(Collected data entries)
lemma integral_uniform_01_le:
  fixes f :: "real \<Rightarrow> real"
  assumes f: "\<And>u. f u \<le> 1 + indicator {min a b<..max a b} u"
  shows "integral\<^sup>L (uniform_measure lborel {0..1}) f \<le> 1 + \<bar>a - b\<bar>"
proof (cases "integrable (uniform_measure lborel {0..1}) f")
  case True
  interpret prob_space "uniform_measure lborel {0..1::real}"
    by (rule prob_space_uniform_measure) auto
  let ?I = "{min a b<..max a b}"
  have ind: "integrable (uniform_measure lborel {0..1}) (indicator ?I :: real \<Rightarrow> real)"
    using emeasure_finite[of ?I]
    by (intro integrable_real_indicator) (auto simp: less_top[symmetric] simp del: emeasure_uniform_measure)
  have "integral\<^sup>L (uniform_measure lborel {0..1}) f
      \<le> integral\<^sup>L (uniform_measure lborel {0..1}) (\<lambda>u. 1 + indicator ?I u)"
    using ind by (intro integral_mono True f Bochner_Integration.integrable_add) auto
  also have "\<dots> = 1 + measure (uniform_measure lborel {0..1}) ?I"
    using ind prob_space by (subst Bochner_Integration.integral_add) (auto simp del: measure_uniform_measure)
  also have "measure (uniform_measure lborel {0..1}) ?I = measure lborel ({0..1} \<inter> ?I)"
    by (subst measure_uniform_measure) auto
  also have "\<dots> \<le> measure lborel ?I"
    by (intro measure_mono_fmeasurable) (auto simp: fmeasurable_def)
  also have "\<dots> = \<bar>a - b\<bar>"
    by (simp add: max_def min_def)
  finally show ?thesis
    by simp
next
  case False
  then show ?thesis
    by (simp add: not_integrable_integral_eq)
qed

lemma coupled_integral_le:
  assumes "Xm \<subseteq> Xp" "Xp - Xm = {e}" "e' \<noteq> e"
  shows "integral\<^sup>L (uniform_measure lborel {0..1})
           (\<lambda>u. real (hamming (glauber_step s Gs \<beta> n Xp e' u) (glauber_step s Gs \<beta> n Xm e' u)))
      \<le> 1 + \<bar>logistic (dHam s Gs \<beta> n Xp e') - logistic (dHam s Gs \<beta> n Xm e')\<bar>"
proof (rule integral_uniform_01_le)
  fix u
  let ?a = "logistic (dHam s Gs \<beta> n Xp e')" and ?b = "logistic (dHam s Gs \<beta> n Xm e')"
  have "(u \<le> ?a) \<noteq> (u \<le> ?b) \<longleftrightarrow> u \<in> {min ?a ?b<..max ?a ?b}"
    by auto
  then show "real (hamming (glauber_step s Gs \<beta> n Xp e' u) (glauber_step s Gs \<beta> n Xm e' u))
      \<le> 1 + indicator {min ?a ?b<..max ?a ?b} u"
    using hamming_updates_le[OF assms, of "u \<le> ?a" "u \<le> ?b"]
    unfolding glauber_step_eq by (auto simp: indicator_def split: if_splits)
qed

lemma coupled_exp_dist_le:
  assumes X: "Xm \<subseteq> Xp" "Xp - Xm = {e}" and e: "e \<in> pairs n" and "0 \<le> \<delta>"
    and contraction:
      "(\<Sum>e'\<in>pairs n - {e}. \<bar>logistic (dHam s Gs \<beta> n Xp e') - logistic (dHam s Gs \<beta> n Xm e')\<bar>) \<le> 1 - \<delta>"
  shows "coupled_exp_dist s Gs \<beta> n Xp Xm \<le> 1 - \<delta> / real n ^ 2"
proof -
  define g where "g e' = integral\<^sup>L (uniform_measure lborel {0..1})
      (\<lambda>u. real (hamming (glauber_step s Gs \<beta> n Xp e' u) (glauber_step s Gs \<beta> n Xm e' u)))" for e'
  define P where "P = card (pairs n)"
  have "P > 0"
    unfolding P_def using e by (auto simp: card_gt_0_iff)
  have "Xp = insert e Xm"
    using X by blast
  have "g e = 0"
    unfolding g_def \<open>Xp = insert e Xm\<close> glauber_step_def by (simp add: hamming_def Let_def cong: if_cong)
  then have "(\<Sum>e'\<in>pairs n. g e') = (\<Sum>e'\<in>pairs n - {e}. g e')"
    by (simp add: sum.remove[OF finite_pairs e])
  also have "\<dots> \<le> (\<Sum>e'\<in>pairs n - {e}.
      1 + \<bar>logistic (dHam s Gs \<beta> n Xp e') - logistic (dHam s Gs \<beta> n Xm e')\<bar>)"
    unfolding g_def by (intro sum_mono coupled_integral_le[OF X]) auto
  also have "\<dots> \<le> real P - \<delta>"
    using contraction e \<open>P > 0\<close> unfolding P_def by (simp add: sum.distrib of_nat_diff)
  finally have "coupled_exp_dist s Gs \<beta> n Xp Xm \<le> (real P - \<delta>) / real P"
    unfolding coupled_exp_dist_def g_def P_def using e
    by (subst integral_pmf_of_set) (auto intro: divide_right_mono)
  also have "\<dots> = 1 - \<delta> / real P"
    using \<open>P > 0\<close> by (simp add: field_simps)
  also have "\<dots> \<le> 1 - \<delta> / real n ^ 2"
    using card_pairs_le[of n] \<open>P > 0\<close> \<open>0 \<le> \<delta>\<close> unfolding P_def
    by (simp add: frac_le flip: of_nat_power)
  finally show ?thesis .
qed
==
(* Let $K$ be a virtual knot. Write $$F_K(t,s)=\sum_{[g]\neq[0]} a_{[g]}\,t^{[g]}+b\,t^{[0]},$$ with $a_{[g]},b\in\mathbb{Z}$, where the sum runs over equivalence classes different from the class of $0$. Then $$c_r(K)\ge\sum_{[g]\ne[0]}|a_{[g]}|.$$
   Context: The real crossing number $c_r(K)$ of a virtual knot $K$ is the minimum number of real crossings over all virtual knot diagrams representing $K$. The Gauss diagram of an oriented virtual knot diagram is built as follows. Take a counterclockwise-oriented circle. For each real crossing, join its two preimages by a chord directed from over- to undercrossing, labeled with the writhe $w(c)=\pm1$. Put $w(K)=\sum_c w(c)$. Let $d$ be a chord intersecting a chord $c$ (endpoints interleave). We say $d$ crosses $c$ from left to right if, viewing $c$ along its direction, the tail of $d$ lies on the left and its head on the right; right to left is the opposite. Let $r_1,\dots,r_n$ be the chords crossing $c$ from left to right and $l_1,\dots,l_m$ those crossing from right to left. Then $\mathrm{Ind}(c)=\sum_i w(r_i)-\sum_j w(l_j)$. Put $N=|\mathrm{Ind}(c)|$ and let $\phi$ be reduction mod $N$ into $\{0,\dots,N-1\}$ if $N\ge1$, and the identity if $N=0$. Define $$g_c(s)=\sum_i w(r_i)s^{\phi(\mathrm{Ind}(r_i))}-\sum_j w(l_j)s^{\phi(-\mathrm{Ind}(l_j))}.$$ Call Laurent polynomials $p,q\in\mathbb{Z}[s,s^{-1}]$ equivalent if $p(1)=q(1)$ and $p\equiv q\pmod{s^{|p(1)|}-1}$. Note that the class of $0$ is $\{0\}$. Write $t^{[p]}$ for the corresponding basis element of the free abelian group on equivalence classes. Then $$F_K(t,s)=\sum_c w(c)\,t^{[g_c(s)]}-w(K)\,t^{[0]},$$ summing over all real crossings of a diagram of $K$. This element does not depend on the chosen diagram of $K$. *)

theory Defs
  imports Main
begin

## ASSIGNED TASK
All that belongs in your answer is the stretch of entries above from the line with "by (simp add: max_def min_def)" through the line with "e') = (\<Sum>e'\<in>pairs", printed exactly.

## TASK OUTPUT
    by (simp add: max_def min_def)
  finally show ?thesis
    by simp
next
  case False
  then show ?thesis
    by (simp add: not_integrable_integral_eq)
qed

lemma coupled_integral_le:
  assumes "Xm \<subseteq> Xp" "Xp - Xm = {e}" "e' \<noteq> e"
  shows "integral\<^sup>L (uniform_measure lborel {0..1})
           (\<lambda>u. real (hamming (glauber_step s Gs \<beta> n Xp e' u) (glauber_step s Gs \<beta> n Xm e' u)))
      \<le> 1 + \<bar>logistic (dHam s Gs \<beta> n Xp e') - logistic (dHam s Gs \<beta> n Xm e')\<bar>"
proof (rule integral_uniform_01_le)
  fix u
  let ?a = "logistic (dHam s Gs \<beta> n Xp e')" and ?b = "logistic (dHam s Gs \<beta> n Xm e')"
  have "(u \<le> ?a) \<noteq> (u \<le> ?b) \<longleftrightarrow> u \<in> {min ?a ?b<..max ?a ?b}"
    by auto
  then show "real (hamming (glauber_step s Gs \<beta> n Xp e' u) (glauber_step s Gs \<beta> n Xm e' u))
      \<le> 1 + indicator {min ?a ?b<..max ?a ?b} u"
    using hamming_updates_le[OF assms, of "u \<le> ?a" "u \<le> ?b"]
    unfolding glauber_step_eq by (auto simp: indicator_def split: if_splits)
qed

lemma coupled_exp_dist_le:
  assumes X: "Xm \<subseteq> Xp" "Xp - Xm = {e}" and e: "e \<in> pairs n" and "0 \<le> \<delta>"
    and contraction:
      "(\<Sum>e'\<in>pairs n - {e}. \<bar>logistic (dHam s Gs \<beta> n Xp e') - logistic (dHam s Gs \<beta> n Xm e')\<bar>) \<le> 1 - \<delta>"
  shows "coupled_exp_dist s Gs \<beta> n Xp Xm \<le> 1 - \<delta> / real n ^ 2"
proof -
  define g where "g e' = integral\<^sup>L (uniform_measure lborel {0..1})
      (\<lambda>u. real (hamming (glauber_step s Gs \<beta> n Xp e' u) (glauber_step s Gs \<beta> n Xm e' u)))" for e'
  define P where "P = card (pairs n)"
  have "P > 0"
    unfolding P_def using e by (auto simp: card_gt_0_iff)
  have "Xp = insert e Xm"
    using X by blast
  have "g e = 0"
    unfolding g_def \<open>Xp = insert e Xm\<close> glauber_step_def by (simp add: hamming_def Let_def cong: if_cong)
  then have "(\<Sum>e'\<in>pairs n. g e') = (\<Sum>e'\<in>pairs n - {e}. g e')"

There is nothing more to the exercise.